To examine whether an analogous mechanism accounts for the diminished levels of the terminase subunits in BAC-transfected cells (Fig. 2A), we adenofected RPE-1 cells with the deletion BAC genomes or the parental BAC, followed by incubation with MG132 before preparing total cell lysates (Fig. 4C). Indeed, proteasome inhibition restored the levels of pUL56 and pUL89 expressed from pHG-ΔUL51 to those obtained after transfection of the parental BAC pHG-UL51-SF/HA (Fig. 4C, lanes 1 to 4), and the same was found for pUL51 and pUL89 levels in the absence of pUL56 (Fig. 4C, lanes 5 to 8), as well as for pUL51 and pUL56 in cells adenofected with pHG-ΔUL89 (Fig. 4C, lanes 9 to 12). Treatment of the BAC-transfected cells with the proteasome inhibitor epoxomicin had the same effect (data not shown). We therefore concluded that each terminase subunit is needed to protect the others from proteasomal turnover, presumably by mutual stabilization through sequestration upon complex formation. Attempts to coimmunoprecipitate the terminase proteins from these cell lysates were not successful, inasmuch as almost no protein could be precipitated with the respective antibodies (data not shown), indicating that the proteins were no longer accessible to the antibodies. A likely explanation for this finding is that upon MG132 treatment, the proteins became insoluble. In fact, protein aggregation upon proteasome inhibition occurs quite frequently (51).

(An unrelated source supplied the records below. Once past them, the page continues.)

lemma trace_formula_if_pairing_sum:
  assumes "pairing_sum (mset (map \<sigma> [0..<d])) v"
  shows "\<exists>\<tau> r \<rho>. \<tau> permutes {..<d} \<and> even r \<and> r \<le> d \<and> (\<forall>i<r div 2. \<rho> i \<in> {0, 1})
    \<and> trace_formula d \<sigma> \<tau> r \<rho> = v"
proof -
  obtain P T where PT: "mset (map \<sigma> [0..<d]) = mset (concat (map (\<lambda>(a, b, s). [a, b]) P) @ T)"
    and signs: "\<forall>(a, b, s)\<in>set P. s \<in> {0, 1 :: nat}"
    and v: "v = 2 * (\<Sum>(a, b, s)\<leftarrow>P. (-1) ^ s * a * b) + (\<Sum>t\<leftarrow>T. t\<^sup>2)"
    using assms unfolding pairing_sum_def by blast
  define L where "L = concat (map (\<lambda>(a, b, s). [a, b]) P) @ T"
  have len_pairs: "length (concat (map (\<lambda>(a, b, s). [a, b]) P)) = 2 * length P"
    by (induction P) auto
  have nth_pairs: "L ! (2 * i) = fst (P ! i) \<and> L ! (2 * i + 1) = fst (snd (P ! i))"
    if "i < length P" for i
    using that unfolding L_def
  proof (induction P arbitrary: i)
    case (Cons x P)
    then show ?case
      by (cases x; cases i) (auto simp: nth_append)
  qed simp
  obtain \<tau> where \<tau>: "\<tau> permutes {..<length (map \<sigma> [0..<d])}" "permute_list \<tau> (map \<sigma> [0..<d]) = L"
    using mset_eq_permutation[OF PT[folded L_def, symmetric]] by blast
  have \<tau>d: "\<tau> permutes {..<d}"
    using \<tau>(1) by simp
  define r where "r = 2 * length P"
  define \<rho> where "\<rho> = (\<lambda>i. snd (snd (P ! i)))"
  have d: "d = r + length T"
    using arg_cong[OF PT, of size] unfolding r_def by (simp add: len_pairs)
  have L_nth: "L ! i = \<sigma> (\<tau> i)" if "i < d" for i
    using \<tau>(2)[symmetric] that permutes_in_image[OF \<tau>d, of i] by (simp add: permute_list_def)
  have "(\<Sum>i<r div 2. (-1) ^ \<rho> i * \<sigma> (\<tau> (2 * i)) * \<sigma> (\<tau> (2 * i + 1)))
    = (\<Sum>i<length P. (\<lambda>(a, b, s). (-1) ^ s * a * b) (P ! i))"
  proof (intro sum.cong)
    fix i assume "i \<in> {..<length P}"
    then have i: "i < length P"
      by simp
    then have "\<sigma> (\<tau> (2 * i)) = fst (P ! i)" "\<sigma> (\<tau> (2 * i + 1)) = fst (snd (P ! i))"
      using nth_pairs[OF i] L_nth[of "2 * i"] L_nth[of "2 * i + 1"] d unfolding r_def by auto
    then show "(-1) ^ \<rho> i * \<sigma> (\<tau> (2 * i)) * \<sigma> (\<tau> (2 * i + 1)) = (\<lambda>(a, b, s). (-1) ^ s * a * b) (P ! i)"
      unfolding \<rho>_def by (cases "P ! i") auto
  qed (simp add: r_def)
  also have "\<dots> = (\<Sum>(a, b, s)\<leftarrow>P. (-1) ^ s * a * b)"
    by (simp add: sum_list_sum_nth atLeast0LessThan)
  finally have pairs: "(\<Sum>i<r div 2. (-1) ^ \<rho> i * \<sigma> (\<tau> (2 * i)) * \<sigma> (\<tau> (2 * i + 1)))
    = (\<Sum>(a, b, s)\<leftarrow>P. (-1) ^ s * a * b)" .
  have "(\<Sum>i\<in>{r..<d}. (\<sigma> (\<tau> i))\<^sup>2) = (\<Sum>i\<in>{r..<r + length T}. (T ! (i - r))\<^sup>2)"
    by (intro sum.cong) (auto simp: d L_nth[symmetric] L_def nth_append len_pairs r_def)
  also have "\<dots> = (\<Sum>i\<in>{0..<length T}. (T ! i)\<^sup>2)"
    using sum.shift_bounds_nat_ivl[of "\<lambda>i. (T ! (i - r))\<^sup>2" 0 r "length T"] by (simp add: add.commute)
  also have "\<dots> = (\<Sum>t\<leftarrow>T. t\<^sup>2)"
    by (simp add: sum_list_sum_nth)
  finally have unpaired: "(\<Sum>i\<in>{r..<d}. (\<sigma> (\<tau> i))\<^sup>2) = (\<Sum>t\<leftarrow>T. t\<^sup>2)" .
  have "\<rho> i \<in> {0, 1}" if "i < r div 2" for i
  proof -
    have "P ! i \<in> set P"
      using that unfolding r_def by simp
    with signs show ?thesis
      unfolding \<rho>_def by (cases "P ! i") fastforce
  qed
  moreover have "trace_formula d \<sigma> \<tau> r \<rho> = v"
    unfolding trace_formula_def pairs unpaired v ..
  moreover have "even r" "r \<le> d"
    using d unfolding r_def by auto
  ultimately show ?thesis
    using \<tau>d by blast
qed
lemma Fatou_integrable_le:
  fixes f :: "nat \<Rightarrow> 'a \<Rightarrow> real" and g :: "'a \<Rightarrow> real"
  assumes [measurable]: "\<And>n. f n \<in> borel_measurable M" "g \<in> borel_measurable M"
    and nonneg: "\<And>n x. x \<in> space M \<Longrightarrow> 0 \<le> f n x"
    and lim: "\<And>x. x \<in> space M \<Longrightarrow> (\<lambda>n. f n x) \<longlonglongrightarrow> g x"
    and int: "\<And>n. integrable M (f n)"
    and bound: "\<And>n. integral\<^sup>L M (f n) \<le> C"
  shows "integrable M g" "integral\<^sup>L M g \<le> C"
proof -
  have g_nonneg: "0 \<le> g x" if "x \<in> space M" for x
    using lim[OF that] nonneg[OF that] by (meson LIMSEQ_le_const)
  have nn_f: "(\<integral>\<^sup>+x. ennreal (f n x) \<partial>M) = ennreal (integral\<^sup>L M (f n))" for n
    using nonneg by (intro nn_integral_eq_integral int) auto
  have "(\<integral>\<^sup>+x. ennreal (g x) \<partial>M) = (\<integral>\<^sup>+x. liminf (\<lambda>n. ennreal (f n x)) \<partial>M)"
    by (intro nn_integral_cong lim_imp_Liminf[symmetric] tendsto_ennrealI lim) auto
  also have "\<dots> \<le> liminf (\<lambda>n. \<integral>\<^sup>+x. ennreal (f n x) \<partial>M)"
    by (intro nn_integral_liminf) auto
  also have "\<dots> \<le> limsup (\<lambda>n. \<integral>\<^sup>+x. ennreal (f n x) \<partial>M)"
    by (intro Liminf_le_Limsup) simp
  also have "\<dots> \<le> ennreal C"
    using bound by (intro Limsup_bounded always_eventually allI) (simp add: nn_f ennreal_leI)
  finally have le: "(\<integral>\<^sup>+x. ennreal (g x) \<partial>M) \<le> ennreal C" .
  then show "integrable M g"
    by (intro integrableI_nonneg AE_I2 g_nonneg) (auto simp: top_unique intro: le_less_trans)
  have "0 \<le> C"
    using bound[of 0] integral_nonneg_AE[of "f 0" M] nonneg by (meson AE_I2 order_trans)
  moreover have "integral\<^sup>L M g = enn2real (\<integral>\<^sup>+x. ennreal (g x) \<partial>M)"
    by (intro integral_eq_nn_integral AE_I2 g_nonneg) auto
  ultimately show "integral\<^sup>L M g \<le> C"
    using le by (simp add: enn2real_leI)
qed
lemma kinv_in_reversed:
  assumes v: "v \<in> V" and i: "odd i" "i < deg E inc v"
  shows "kinv_in E \<omega>' kin' v i = cyc_next C (kinv_in E \<omega> kin v i)"
proof -
  define a where "a = kinv_in E \<omega> kin v i"
  have a: "a \<in> E" "snd (\<omega> a) = v" "kin a = i"
    using kinv_in_mem[OF compatible v i] by (simp_all add: a_def)
  show ?thesis
    unfolding kinv_in_def[of E \<omega>'] a_def[symmetric]
  proof (rule the_equality)
    show "cyc_next C a \<in> E \<and> snd (\<omega>' (cyc_next C a)) = v \<and> kin' (cyc_next C a) = i"
      using head_reversed[OF cyc_next_in_E] cyc_next_in_E cyc_prev_next[OF distinct_circuit] a by simp
  next
    fix e assume "e \<in> E \<and> snd (\<omega>' e) = v \<and> kin' e = i"
    then have "cyc_prev C e = a"
      using head_reversed kinv_in_eqI[OF compatible v] cyc_prev_in_E a_def by metis
    then show "e = cyc_next C a" using cyc_next_prev[OF distinct_circuit] by metis
  qed
qed

lemma kinv_out_reversed:
  assumes v: "v \<in> V" and i: "even i" "0 < i" "i \<le> deg E inc v"
  shows "kinv_out E \<omega>' kout' v i = cyc_prev C (kinv_out E \<omega> kout v i)"
proof -
  define b where "b = kinv_out E \<omega> kout v i"
  have b: "b \<in> E" "fst (\<omega> b) = v" "kout b = i"
    using kinv_out_mem[OF compatible v i] by (simp_all add: b_def)
  show ?thesis
    unfolding kinv_out_def[of E \<omega>'] b_def[symmetric]
  proof (rule the_equality)
    show "cyc_prev C b \<in> E \<and> fst (\<omega>' (cyc_prev C b)) = v \<and> kout' (cyc_prev C b) = i"
      using tail_reversed[OF cyc_prev_in_E] cyc_prev_in_E cyc_next_prev[OF distinct_circuit] b by simp
  next
    fix e assume "e \<in> E \<and> fst (\<omega>' e) = v \<and> kout' e = i"
    then have "cyc_next C e = b"
      using tail_reversed kinv_out_eqI[OF compatible v] cyc_next_in_E b_def by metis
    then show "e = cyc_prev C b" using cyc_prev_next[OF distinct_circuit] by metis
  qed
qed

lemma circuit_passage:
  assumes v: "v \<in> V" and j: "j < deg E inc v div 2"
  defines "a \<equiv> kinv_in E \<omega> kin v (2*j+1)" and "b \<equiv> kinv_out E \<omega> kout v (2*j+2)"
  shows "a \<in> set C \<Longrightarrow> cyc_next C a = b" and "a \<in> set C \<longleftrightarrow> b \<in> set C"
proof -
  have "2*j+1 < deg E inc v" "2*j+2 \<le> deg E inc v" using j by linarith+
  then have a: "a \<in> E" "snd (\<omega> a) = v" "kin a = 2*j+1"
    and b: "b \<in> E" "fst (\<omega> b) = v" "kout b = 2*j+2"
    using kinv_in_mem[OF compatible v, of "2*j+1"] kinv_out_mem[OF compatible v, of "2*j+2"]
    by (simp_all add: a_def b_def)
  show next_a: "cyc_next C a = b" if "a \<in> set C"
  proof -
    have "follows \<omega> kin kout a (cyc_next C a)" by (rule follows_cyc_next[OF that])
    then show ?thesis
      using kinv_out_eqI[OF compatible v cyc_next_in_E[OF a(1)]] a by (simp add: follows_def b_def)
  qed
  have "cyc_prev C b = a" if "b \<in> set C"
  proof -
    have "follows \<omega> kin kout (cyc_prev C b) b" by (rule follows_cyc_prev[OF that])
    then show ?thesis
      using kinv_in_eqI[OF compatible v cyc_prev_in_E[OF b(1)]] b by (simp add: follows_def a_def)
  qed
  then show "a \<in> set C \<longleftrightarrow> b \<in> set C"
    using next_a cyc_next_in_set cyc_prev_in_set by metis
qed

lemma follows_right_unique:
  assumes "x \<in> E" "y \<in> E" "y' \<in> E" "follows \<omega> kin kout x y" "follows \<omega> kin kout x y'"
  shows "y = y'"
proof -
  have v: "snd (\<omega> x) \<in> V" using arc_ends_in_V assms(1) by blast
  have "kinv_out E \<omega> kout (snd (\<omega> x)) (kout y) = y"
    by (rule kinv_out_eqI[OF compatible v assms(2)]) (use assms(4) in \<open>simp add: follows_def\<close>)
  moreover have "kinv_out E \<omega> kout (snd (\<omega> x)) (kout y') = y'"
    by (rule kinv_out_eqI[OF compatible v assms(3)]) (use assms(5) in \<open>simp add: follows_def\<close>)
  moreover have "kout y = kout y'" using assms(4,5) by (simp add: follows_def)
  ultimately show ?thesis by metis
qed

lemma follows_reversed_right_unique:
  assumes "x \<in> E" "y \<in> E" "y' \<in> E" "follows \<omega>' kin' kout' x y" "follows \<omega>' kin' kout' x y'"
  shows "y = y'"
proof -
  have "follows \<omega> kin kout (cyc_prev C x) (cyc_next C y)"
    and "follows \<omega> kin kout (cyc_prev C x) (cyc_next C y')"
    using assms follows_reversed[OF assms(1)] by simp_all
  then have "cyc_next C y = cyc_next C y'"
    by (rule follows_right_unique[OF cyc_prev_in_E cyc_next_in_E cyc_next_in_E, OF assms(1-3)])
  then show ?thesis using cyc_prev_next[OF distinct_circuit] by metis
qed

lemma cyclic_chain_reversed_circuit: "cyclic_chain (follows \<omega>' kin' kout') (rev C)"
proof -
  have "cyclic_chain (\<lambda>x y. follows \<omega>' kin' kout' y x) C"
  proof (rule cyclic_chain_mono)
    show "cyclic_chain (follows \<omega> kin kout) C" using circuit by (simp add: kcircuit_iff_cyclic_chain)
  next
    fix x y assume xy: "x \<in> set C" "y \<in> set C" "follows \<omega> kin kout x y"
    have E: "x \<in> E" "y \<in> E" "cyc_next C x \<in> E"
      using xy circuit_subset cyc_next_in_E by auto
    have "y = cyc_next C x"
      by (rule follows_right_unique[OF E xy(3) follows_cyc_next[OF xy(1)]])
    then show "follows \<omega>' kin' kout' y x"
      using follows_reversed[OF E(2,1)] xy(3) by (simp add: cyc_prev_next[OF distinct_circuit])
  qed
  then show ?thesis by (rule cyclic_chain_rev)
qed

lemma ncirc_reversed: "ncirc E \<omega>' kin' kout' = ncirc E \<omega> kin kout"
proof -
  have off: "follows \<omega> kin kout x y \<longleftrightarrow> follows \<omega>' kin' kout' x y"
    if "x \<in> E - set C" "y \<in> E - set C" for x y
    using that reversed_orientation unchanged_off_circuit by (simp add: follows_def)
  have old: "cyclic_chain (follows \<omega> kin kout) C"
    using circuit by (simp add: kcircuit_iff_cyclic_chain)
  have rev_C: "distinct (rev C)" "set (rev C) \<subseteq> E" "set (rev C) = set C"
    using distinct_circuit circuit_subset by simp_all
  have old_sub: "{set es |es. kcircuit E \<omega> kin kout es} \<subseteq> {set es |es. kcircuit E \<omega>' kin' kout' es}"
    unfolding kcircuit_iff_cyclic_chain
    by (rule cyclic_chain_sets_subset[where D = C and D' = "rev C"])
      (fact follows_right_unique old circuit_subset rev_C cyclic_chain_reversed_circuit | use off in metis)+
  have new_sub: "{set es |es. kcircuit E \<omega>' kin' kout' es} \<subseteq> {set es |es. kcircuit E \<omega> kin kout es}"
    unfolding kcircuit_iff_cyclic_chain
    by (rule cyclic_chain_sets_subset[where D = "rev C" and D' = C])
      (fact follows_reversed_right_unique cyclic_chain_reversed_circuit rev_C distinct_circuit old
        | use off rev_C(3) in metis)+
  show ?thesis
    unfolding ncirc_def subset_antisym[OF new_sub old_sub] ..
qed

definition circuit_sign :: "('e \<Rightarrow> nat) \<Rightarrow> 'e \<Rightarrow> complex" where
  "circuit_sign \<psi> e = (if e \<in> set C then shift_sign (\<psi> e) * shift_sign (\<psi> (cyc_next C e)) else 1)"

lemma vertex_tensor_reversed:
  assumes v: "v \<in> V"
  shows "vertex_tensor l E inc \<omega>' kin' kout' g v
    = interleave (\<lambda>j. evec (g (cyc_next C (kinv_in E \<omega> kin v (2*j+1)))))
                 (\<lambda>j. fvec l (g (cyc_prev C (kinv_out E \<omega> kout v (2*j+2))))) (deg E inc v div 2)"
  unfolding vertex_tensor_eq_interleave
proof (rule interleave_cong)
  fix j assume "j < deg E inc v div 2"
  then have "2*j+1 < deg E inc v" "2*j+2 \<le> deg E inc v" by linarith+
  then show "evec (g (kinv_in E \<omega>' kin' v (2*j+1))) = evec (g (cyc_next C (kinv_in E \<omega> kin v (2*j+1)))) \<and>
      fvec l (g (kinv_out E \<omega>' kout' v (2*j+2))) = fvec l (g (cyc_prev C (kinv_out E \<omega> kout v (2*j+2))))"
    by (simp add: kinv_in_reversed[OF v] kinv_out_reversed[OF v])
qed

lemma prod_circuit_sign_at_vertex:
  assumes v: "v \<in> V"
  shows "(\<Prod>j | j < deg E inc v div 2 \<and> kinv_in E \<omega> kin v (2*j+1) \<in> set C.
            shift_sign (\<psi> (kinv_in E \<omega> kin v (2*j+1))) * shift_sign (\<psi> (kinv_out E \<omega> kout v (2*j+2))))
    = (\<Prod>e\<in>{e\<in>E. snd (\<omega> e) = v}. circuit_sign \<psi> e)"
proof -
  have "(\<Prod>j | j < deg E inc v div 2 \<and> kinv_in E \<omega> kin v (2*j+1) \<in> set C.
            shift_sign (\<psi> (kinv_in E \<omega> kin v (2*j+1))) * shift_sign (\<psi> (kinv_out E \<omega> kout v (2*j+2))))
      = (\<Prod>j<deg E inc v div 2. circuit_sign \<psi> (kinv_in E \<omega> kin v (2*j+1)))"
  proof (rule prod.mono_neutral_cong_left)
    fix j assume "j \<in> {j. j < deg E inc v div 2 \<and> kinv_in E \<omega> kin v (2*j+1) \<in> set C}"
    then show "shift_sign (\<psi> (kinv_in E \<omega> kin v (2*j+1))) * shift_sign (\<psi> (kinv_out E \<omega> kout v (2*j+2)))
        = circuit_sign \<psi> (kinv_in E \<omega> kin v (2*j+1))"
      using circuit_passage(1)[OF v, of j] by (simp add: circuit_sign_def)
  qed (auto simp: circuit_sign_def)
  also have "\<dots> = (\<Prod>e\<in>{e\<in>E. snd (\<omega> e) = v}. circuit_sign \<psi> e)"
    by (rule prod.reindex_bij_betw[OF bij_betw_kinv_in[OF compatible v]])
  finally show ?thesis .
qed

lemma prod_circuit_sign: "(\<Prod>e\<in>E. circuit_sign \<psi> e) = 1"
proof -
  have "(\<Prod>e\<in>E. circuit_sign \<psi> e) = (\<Prod>e\<in>set C. shift_sign (\<psi> e) * shift_sign (\<psi> (cyc_next C e)))"
    by (rule prod.mono_neutral_cong_right[OF finite_E circuit_subset]) (simp_all add: circuit_sign_def)
  also have "\<dots> = (\<Prod>e\<in>set C. shift_sign (\<psi> e)) * (\<Prod>e\<in>set C. shift_sign (\<psi> (cyc_next C e)))"
    by (rule prod.distrib)
  also have "(\<Prod>e\<in>set C. shift_sign (\<psi> (cyc_next C e))) = (\<Prod>e\<in>set C. shift_sign (\<psi> e))"
    by (rule prod.reindex_bij_betw[OF bij_betw_cyc_next[OF distinct_circuit]])
  also have "(\<Prod>e\<in>set C. shift_sign (\<psi> e)) * (\<Prod>e\<in>set C. shift_sign (\<psi> e))
      = (\<Prod>e\<in>set C. shift_sign (\<psi> e) * shift_sign (\<psi> e))"
    by (rule prod.distrib[symmetric])
  also have "\<dots> = 1"
    by (rule prod.neutral) (simp add: shift_sign_def)
  finally show ?thesis .
qed
lemma separated_generator_if_equivalence:
  assumes xi: "Cinf (\<lambda>(t, x, u). \<xi> t x u)" and tau: "Cinf (\<lambda>(t, x, u). \<tau> t x u)"
    and phi: "Cinf (\<lambda>(t, x, u). \<phi> t x u)"
    and chi_smooth: "Cinf (\<lambda>(t, x, u, e, h). chi t x u e h)"
    and inf: "inf_equiv_transf \<xi> \<tau> \<phi> chi eta"
  obtains Xi Tau Phi k
  where "\<xi> = (\<lambda>t x u. Xi t)" "\<tau> = (\<lambda>t x u. Tau x)" "\<phi> = (\<lambda>t x u. Phi u)"
    and "chi = (\<lambda>t x u e h. e * (2 * deriv Tau x - k))"
    and "eta = (\<lambda>t x u e h. h * (deriv Phi u - k))"
    and "\<And>t. (Xi has_real_derivative k) (at t)"
    and "\<And>x. (Tau has_real_derivative deriv Tau x) (at x)"
    and "\<And>u. (Phi has_real_derivative deriv Phi u) (at u)"
proof -
  have smooth: "twice_diff_xu \<xi>" "twice_diff_xu \<tau>" "twice_diff_xu \<phi>"
    by (fact twice_diff_xu_if_Cinf[OF xi] twice_diff_xu_if_Cinf[OF tau]
        twice_diff_xu_if_Cinf[OF phi])+
  note Delta2 = Delta2_determining_equations[OF inf]
  note first = Delta1_first_order[OF inf smooth Delta2(2,3)]
  define Xi where "Xi t = \<xi> t 0 0" for t
  define Tau where "Tau x = \<tau> 0 x 0" for x
  define Phi where "Phi u = \<phi> 0 0 u" for u
  have sep: "\<xi> = (\<lambda>t x u. Xi t)" "\<tau> = (\<lambda>t x u. Tau x)" "\<phi> = (\<lambda>t x u. Phi u)"
    using separated_coefficients[OF xi tau phi first(1,2) Delta2(2) first(3) Delta2(3) first(4)]
    by (simp_all add: Xi_def Tau_def Phi_def)
  define k where "k = deriv Xi 0"
  have Xi'_const: "deriv Xi t = k" for t
  proof -
    have "chi t 0 0 1 0 = chi 0 0 0 1 0"
      using Cinf_dt5[OF chi_smooth] Delta2(1) by (rule constant_if_zero_deriv)
    then show ?thesis using first(5)[of t 0 0 1 0] first(5)[of 0 0 0 1 0]
      by (simp add: sep dt_def dx_def k_def)
  qed
  show thesis
  proof (rule that[OF sep])
    show "chi = (\<lambda>t x u e h. e * (2 * deriv Tau x - k))"
      using first(5) by (simp add: fun_eq_iff sep dt_def dx_def Xi'_const)
    show "eta = (\<lambda>t x u e h. h * (deriv Phi u - k))"
      using first(6) by (simp add: fun_eq_iff sep dt_def du_def Xi'_const)
    show "(Xi has_real_derivative k) (at t)" for t
      using Cinf_dt(1)[OF xi, of 0 0 t] Xi'_const[of t] by (simp add: sep dt_def)
    show "(Tau has_real_derivative deriv Tau x) (at x)" for x
      using Cinf_dx(1)[OF tau, of 0 0 x] by (simp add: sep dx_def)
    show "(Phi has_real_derivative deriv Phi u) (at u)" for u
      using Cinf_du(1)[OF phi, of 0 0 u] by (simp add: sep du_def)
  qed
qed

If the hypothesis that the HCMV terminase subunits stabilize each other holds true, the abundance of the terminase proteins in cells transfected with the deletion BACs should be rescued when the missing subunit is provided in trans. As depicted in Fig. 4D, in RPE-1 cells adenofected with the HCMV BAC pHG-ΔUL51 and the expression plasmid encoding pUL51, the levels of pUL56 and pUL89 were restored to the levels obtained after transfection of the parental BAC pHG-UL51-SF/HA (Fig. 4D, lanes 1 to 3), and the same was found for pUL51 and pUL56 levels following expression of pUL89 in pHG-ΔUL89-transfected cells (Fig. 4D, lanes 7 to 9). Similarly, pUL56 increased the abundance of pUL51 and pUL89 in pHG-ΔUL56-transfected cells—almost reaching the levels achieved after transfection of the parental BAC pHG-UL51-SF/HA (Fig. 4D, lanes 4 to 6). These results are all the more remarkable, as cotransfection of the expression plasmids led to smaller amounts of other viral proteins, such as pUL44 and pUL52 (Fig. 4D). Furthermore, a control plasmid expressing the unrelated Kaposi's sarcoma-associated herpesvirus (KSHV) ORF52 protein did not elicit elevated levels of the terminase components (data not shown). We therefore concluded that the proteasome-dependent turnover of the HCMV terminase subunits can be overcome by adding the missing component, which implies that the specific interplay among the terminase proteins results in their stabilization.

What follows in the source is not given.